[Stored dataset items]
━━━━━━━━━━━━━━━━━━━━━━━━━━━━━━
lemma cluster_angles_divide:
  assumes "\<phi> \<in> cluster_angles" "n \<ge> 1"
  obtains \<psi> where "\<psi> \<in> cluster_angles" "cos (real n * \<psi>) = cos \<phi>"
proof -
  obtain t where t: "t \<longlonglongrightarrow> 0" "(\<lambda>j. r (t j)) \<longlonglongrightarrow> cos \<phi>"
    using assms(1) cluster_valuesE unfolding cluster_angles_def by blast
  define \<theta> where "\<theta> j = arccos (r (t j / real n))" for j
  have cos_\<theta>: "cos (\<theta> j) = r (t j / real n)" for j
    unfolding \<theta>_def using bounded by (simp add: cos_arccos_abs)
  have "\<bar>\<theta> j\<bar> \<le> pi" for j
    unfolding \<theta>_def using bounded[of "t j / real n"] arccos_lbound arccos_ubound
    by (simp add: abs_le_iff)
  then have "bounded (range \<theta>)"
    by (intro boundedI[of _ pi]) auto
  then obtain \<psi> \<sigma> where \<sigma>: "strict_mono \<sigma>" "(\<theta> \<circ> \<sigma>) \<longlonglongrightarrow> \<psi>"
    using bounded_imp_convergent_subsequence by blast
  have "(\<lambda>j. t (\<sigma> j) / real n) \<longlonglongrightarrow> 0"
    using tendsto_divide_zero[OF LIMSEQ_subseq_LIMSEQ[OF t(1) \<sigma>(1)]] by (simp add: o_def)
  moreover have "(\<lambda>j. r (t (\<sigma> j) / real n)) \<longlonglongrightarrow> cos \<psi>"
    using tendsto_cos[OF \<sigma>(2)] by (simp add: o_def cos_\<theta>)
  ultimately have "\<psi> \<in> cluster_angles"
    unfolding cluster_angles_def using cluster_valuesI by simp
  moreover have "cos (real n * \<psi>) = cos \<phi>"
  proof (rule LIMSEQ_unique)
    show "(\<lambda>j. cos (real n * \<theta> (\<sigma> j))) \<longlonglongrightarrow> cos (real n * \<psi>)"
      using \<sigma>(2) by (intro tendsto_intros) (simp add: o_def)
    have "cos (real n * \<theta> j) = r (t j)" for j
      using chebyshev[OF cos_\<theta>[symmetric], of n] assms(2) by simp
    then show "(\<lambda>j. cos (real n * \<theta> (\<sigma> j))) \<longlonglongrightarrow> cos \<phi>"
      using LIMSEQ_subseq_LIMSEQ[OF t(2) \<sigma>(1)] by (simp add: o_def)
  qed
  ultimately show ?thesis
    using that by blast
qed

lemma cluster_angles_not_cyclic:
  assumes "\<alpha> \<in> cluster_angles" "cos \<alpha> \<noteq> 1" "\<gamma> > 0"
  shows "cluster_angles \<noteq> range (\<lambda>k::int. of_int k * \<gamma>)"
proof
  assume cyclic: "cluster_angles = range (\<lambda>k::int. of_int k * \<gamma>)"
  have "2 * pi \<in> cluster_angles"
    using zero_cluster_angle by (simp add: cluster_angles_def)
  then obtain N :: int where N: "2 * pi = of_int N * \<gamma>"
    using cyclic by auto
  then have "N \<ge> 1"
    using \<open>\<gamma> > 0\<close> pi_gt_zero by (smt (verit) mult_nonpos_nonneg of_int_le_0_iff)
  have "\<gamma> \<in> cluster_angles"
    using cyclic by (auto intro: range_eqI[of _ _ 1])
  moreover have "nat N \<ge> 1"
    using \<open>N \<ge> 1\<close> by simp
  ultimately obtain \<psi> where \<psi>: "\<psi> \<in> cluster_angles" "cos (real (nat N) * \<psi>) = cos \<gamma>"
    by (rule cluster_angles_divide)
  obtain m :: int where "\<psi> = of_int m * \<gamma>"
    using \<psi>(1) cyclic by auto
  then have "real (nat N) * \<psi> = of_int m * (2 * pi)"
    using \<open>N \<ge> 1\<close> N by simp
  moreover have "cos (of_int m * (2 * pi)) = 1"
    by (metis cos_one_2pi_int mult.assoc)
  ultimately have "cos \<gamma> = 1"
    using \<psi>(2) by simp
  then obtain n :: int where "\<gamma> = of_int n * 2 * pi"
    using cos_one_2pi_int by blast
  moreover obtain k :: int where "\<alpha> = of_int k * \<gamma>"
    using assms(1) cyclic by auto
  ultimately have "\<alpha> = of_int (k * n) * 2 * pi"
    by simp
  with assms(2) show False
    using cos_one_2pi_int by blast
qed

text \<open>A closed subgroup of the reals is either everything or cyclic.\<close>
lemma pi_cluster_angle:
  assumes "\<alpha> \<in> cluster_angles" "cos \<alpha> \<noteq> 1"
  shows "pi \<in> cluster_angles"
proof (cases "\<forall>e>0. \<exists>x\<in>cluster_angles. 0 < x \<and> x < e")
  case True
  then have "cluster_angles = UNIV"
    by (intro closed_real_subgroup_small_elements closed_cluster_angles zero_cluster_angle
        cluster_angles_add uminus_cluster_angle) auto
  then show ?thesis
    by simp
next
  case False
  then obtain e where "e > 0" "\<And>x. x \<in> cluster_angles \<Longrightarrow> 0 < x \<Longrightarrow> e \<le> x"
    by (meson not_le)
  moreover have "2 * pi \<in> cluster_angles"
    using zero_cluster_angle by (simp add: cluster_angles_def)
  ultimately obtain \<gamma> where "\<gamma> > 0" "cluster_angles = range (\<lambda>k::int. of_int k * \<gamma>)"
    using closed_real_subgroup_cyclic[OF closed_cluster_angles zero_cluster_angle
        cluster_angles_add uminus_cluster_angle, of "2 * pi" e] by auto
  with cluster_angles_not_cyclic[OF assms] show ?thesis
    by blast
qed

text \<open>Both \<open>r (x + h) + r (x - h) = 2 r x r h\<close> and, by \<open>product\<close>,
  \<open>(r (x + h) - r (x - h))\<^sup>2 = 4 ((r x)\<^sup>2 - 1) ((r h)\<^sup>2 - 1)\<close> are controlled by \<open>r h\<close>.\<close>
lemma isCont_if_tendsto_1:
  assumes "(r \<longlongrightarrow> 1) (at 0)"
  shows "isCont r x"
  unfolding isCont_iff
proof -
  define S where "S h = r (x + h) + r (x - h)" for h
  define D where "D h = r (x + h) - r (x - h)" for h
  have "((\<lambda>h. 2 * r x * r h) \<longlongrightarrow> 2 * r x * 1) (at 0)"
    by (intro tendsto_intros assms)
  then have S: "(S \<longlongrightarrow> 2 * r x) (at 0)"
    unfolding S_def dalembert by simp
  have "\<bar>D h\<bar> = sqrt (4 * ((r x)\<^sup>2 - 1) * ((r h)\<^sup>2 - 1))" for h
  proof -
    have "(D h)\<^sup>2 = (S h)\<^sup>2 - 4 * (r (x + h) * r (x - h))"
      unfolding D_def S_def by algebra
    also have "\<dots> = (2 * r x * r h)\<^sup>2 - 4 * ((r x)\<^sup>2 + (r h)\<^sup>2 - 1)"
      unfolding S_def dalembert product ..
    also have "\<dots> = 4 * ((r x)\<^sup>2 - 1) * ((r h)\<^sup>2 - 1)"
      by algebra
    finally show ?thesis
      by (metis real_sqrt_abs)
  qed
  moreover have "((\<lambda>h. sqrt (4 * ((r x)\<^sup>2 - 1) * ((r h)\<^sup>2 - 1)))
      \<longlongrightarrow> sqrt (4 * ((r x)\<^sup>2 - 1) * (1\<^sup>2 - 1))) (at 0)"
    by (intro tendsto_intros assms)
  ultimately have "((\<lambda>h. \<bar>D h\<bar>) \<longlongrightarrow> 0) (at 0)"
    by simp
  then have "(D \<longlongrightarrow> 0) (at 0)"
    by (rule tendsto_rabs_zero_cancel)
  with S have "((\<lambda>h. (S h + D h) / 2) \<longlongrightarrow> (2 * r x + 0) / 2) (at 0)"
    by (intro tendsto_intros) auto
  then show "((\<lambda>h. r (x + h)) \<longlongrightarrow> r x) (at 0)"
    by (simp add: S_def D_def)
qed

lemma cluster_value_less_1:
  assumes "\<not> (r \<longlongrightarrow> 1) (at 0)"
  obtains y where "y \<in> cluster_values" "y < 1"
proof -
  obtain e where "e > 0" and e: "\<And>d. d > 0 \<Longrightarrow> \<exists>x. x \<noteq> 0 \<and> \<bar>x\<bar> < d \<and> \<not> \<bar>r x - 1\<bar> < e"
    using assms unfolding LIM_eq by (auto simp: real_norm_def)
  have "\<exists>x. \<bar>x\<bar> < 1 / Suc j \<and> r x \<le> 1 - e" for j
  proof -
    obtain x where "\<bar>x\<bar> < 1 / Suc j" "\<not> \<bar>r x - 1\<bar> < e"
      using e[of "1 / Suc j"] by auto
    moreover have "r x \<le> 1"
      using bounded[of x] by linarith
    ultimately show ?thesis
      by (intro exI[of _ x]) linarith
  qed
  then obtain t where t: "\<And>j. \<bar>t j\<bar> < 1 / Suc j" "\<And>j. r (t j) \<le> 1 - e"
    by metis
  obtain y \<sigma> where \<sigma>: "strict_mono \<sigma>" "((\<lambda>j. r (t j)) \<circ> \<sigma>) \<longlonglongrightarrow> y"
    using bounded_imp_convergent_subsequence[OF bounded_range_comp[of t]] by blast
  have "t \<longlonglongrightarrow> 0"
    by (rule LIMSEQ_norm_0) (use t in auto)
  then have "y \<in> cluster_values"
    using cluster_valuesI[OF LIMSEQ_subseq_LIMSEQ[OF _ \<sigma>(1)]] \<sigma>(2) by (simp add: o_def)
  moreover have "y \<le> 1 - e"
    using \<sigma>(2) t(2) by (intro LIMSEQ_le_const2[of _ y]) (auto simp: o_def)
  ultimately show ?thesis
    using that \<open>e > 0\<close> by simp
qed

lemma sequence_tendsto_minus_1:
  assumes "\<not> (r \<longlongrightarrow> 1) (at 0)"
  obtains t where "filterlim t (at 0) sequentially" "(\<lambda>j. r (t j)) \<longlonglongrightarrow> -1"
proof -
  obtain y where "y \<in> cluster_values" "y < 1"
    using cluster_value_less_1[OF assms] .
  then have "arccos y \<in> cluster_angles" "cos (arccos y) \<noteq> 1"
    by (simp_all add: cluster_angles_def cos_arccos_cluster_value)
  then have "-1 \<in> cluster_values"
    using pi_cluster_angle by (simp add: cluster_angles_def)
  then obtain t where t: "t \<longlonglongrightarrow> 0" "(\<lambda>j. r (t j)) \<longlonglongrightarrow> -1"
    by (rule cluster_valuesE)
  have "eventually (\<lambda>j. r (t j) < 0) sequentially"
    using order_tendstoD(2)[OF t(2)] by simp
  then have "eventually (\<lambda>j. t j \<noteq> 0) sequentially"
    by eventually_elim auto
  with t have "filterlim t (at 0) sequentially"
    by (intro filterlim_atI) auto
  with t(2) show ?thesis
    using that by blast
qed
━━━━━━━━━━━━━━━━━━━━━━━━━━━━━━
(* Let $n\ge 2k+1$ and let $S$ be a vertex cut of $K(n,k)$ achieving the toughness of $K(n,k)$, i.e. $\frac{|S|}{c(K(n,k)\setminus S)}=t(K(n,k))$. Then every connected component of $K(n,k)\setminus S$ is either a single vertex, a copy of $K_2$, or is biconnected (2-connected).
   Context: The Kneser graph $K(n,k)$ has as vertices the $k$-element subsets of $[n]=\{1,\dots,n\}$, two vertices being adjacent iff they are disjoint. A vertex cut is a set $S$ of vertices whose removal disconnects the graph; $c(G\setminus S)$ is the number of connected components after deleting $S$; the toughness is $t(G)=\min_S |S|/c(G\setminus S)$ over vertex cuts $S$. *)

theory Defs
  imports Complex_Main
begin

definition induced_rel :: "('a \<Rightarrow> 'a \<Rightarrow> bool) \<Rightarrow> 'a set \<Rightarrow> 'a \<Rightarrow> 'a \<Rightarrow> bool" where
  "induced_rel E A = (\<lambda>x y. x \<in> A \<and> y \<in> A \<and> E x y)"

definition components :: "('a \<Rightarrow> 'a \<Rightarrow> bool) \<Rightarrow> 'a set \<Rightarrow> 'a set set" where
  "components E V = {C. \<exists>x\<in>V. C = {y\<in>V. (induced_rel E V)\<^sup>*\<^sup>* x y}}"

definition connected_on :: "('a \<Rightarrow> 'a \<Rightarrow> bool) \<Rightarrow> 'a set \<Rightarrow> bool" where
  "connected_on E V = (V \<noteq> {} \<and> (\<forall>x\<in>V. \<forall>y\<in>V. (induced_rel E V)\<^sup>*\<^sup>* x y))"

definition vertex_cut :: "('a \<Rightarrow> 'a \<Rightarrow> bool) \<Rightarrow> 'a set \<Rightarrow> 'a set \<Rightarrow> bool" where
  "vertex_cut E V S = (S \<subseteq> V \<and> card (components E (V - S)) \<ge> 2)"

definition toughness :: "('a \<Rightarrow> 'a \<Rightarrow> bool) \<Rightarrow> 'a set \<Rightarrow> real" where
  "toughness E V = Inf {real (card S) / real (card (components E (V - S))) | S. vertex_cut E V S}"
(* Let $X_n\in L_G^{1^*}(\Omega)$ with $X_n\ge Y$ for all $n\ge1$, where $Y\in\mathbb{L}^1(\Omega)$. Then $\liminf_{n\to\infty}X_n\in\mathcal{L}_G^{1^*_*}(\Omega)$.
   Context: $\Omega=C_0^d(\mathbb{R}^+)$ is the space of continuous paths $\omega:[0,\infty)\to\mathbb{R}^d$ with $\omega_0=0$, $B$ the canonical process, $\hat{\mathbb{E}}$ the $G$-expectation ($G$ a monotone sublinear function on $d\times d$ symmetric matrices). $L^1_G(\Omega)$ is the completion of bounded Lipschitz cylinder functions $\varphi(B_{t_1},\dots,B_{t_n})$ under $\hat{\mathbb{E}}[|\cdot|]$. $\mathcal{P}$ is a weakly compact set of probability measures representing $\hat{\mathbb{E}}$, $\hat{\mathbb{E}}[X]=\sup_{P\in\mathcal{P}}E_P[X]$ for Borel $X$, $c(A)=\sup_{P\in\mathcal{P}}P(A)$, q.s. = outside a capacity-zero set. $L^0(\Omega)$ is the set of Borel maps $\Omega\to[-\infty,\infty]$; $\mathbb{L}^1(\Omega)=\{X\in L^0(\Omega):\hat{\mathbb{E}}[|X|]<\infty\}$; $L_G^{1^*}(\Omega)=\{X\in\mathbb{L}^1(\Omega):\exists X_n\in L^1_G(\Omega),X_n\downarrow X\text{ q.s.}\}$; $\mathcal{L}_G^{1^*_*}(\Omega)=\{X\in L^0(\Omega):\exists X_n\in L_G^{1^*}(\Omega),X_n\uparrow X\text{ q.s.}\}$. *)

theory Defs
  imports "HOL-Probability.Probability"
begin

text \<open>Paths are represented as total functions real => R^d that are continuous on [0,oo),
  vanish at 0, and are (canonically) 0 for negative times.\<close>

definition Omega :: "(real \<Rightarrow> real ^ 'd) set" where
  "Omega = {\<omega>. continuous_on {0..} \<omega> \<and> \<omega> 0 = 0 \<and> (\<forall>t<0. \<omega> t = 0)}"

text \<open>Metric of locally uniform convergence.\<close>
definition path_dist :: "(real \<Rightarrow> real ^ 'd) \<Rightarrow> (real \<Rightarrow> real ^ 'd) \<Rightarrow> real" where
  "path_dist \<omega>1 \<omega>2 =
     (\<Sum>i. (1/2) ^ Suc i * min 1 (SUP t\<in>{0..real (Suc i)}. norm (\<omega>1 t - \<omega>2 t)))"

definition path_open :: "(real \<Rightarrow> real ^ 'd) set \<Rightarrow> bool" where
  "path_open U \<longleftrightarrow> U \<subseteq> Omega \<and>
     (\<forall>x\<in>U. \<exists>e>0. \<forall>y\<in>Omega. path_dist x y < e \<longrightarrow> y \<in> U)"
━━━━━━━━━━━━━━━━━━━━━━━━━━━━━━
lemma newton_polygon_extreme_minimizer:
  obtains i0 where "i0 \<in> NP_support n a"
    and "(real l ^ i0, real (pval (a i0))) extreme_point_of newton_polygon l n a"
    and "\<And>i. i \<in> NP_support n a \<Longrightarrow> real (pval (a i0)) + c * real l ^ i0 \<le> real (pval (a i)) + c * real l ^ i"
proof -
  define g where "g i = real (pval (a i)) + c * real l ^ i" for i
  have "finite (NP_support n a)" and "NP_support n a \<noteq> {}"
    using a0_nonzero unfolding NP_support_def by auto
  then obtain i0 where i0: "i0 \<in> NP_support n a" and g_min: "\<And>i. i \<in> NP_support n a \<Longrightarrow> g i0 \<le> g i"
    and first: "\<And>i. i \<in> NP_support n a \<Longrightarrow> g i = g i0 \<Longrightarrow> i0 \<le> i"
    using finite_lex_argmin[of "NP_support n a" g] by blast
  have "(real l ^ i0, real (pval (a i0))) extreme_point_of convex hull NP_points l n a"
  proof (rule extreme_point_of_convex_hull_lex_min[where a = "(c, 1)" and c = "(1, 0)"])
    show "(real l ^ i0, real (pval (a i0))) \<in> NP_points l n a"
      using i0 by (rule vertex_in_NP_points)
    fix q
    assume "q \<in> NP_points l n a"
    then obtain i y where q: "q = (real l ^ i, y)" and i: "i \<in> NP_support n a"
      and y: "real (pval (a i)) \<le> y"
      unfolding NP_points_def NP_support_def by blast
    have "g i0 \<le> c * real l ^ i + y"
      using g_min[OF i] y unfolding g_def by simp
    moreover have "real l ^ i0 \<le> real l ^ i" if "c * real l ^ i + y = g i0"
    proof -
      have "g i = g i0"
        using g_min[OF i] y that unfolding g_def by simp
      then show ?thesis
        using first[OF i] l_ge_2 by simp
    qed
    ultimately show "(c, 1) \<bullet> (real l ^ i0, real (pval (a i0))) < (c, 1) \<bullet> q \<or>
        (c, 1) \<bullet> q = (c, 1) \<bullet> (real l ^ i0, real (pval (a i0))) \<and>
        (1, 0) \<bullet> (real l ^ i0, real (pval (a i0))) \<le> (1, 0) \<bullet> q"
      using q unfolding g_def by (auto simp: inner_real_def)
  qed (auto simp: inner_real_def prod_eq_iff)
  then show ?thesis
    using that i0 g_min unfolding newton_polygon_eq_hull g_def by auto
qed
━━━━━━━━━━━━━━━━━━━━━━━━━━━━━━
# WORK TASK:
Among the lines above, which hold the word "linarith"? Report each one.

# ANSWER:
      using bounded[of x] by linarith
      by (intro exI[of _ x]) linarith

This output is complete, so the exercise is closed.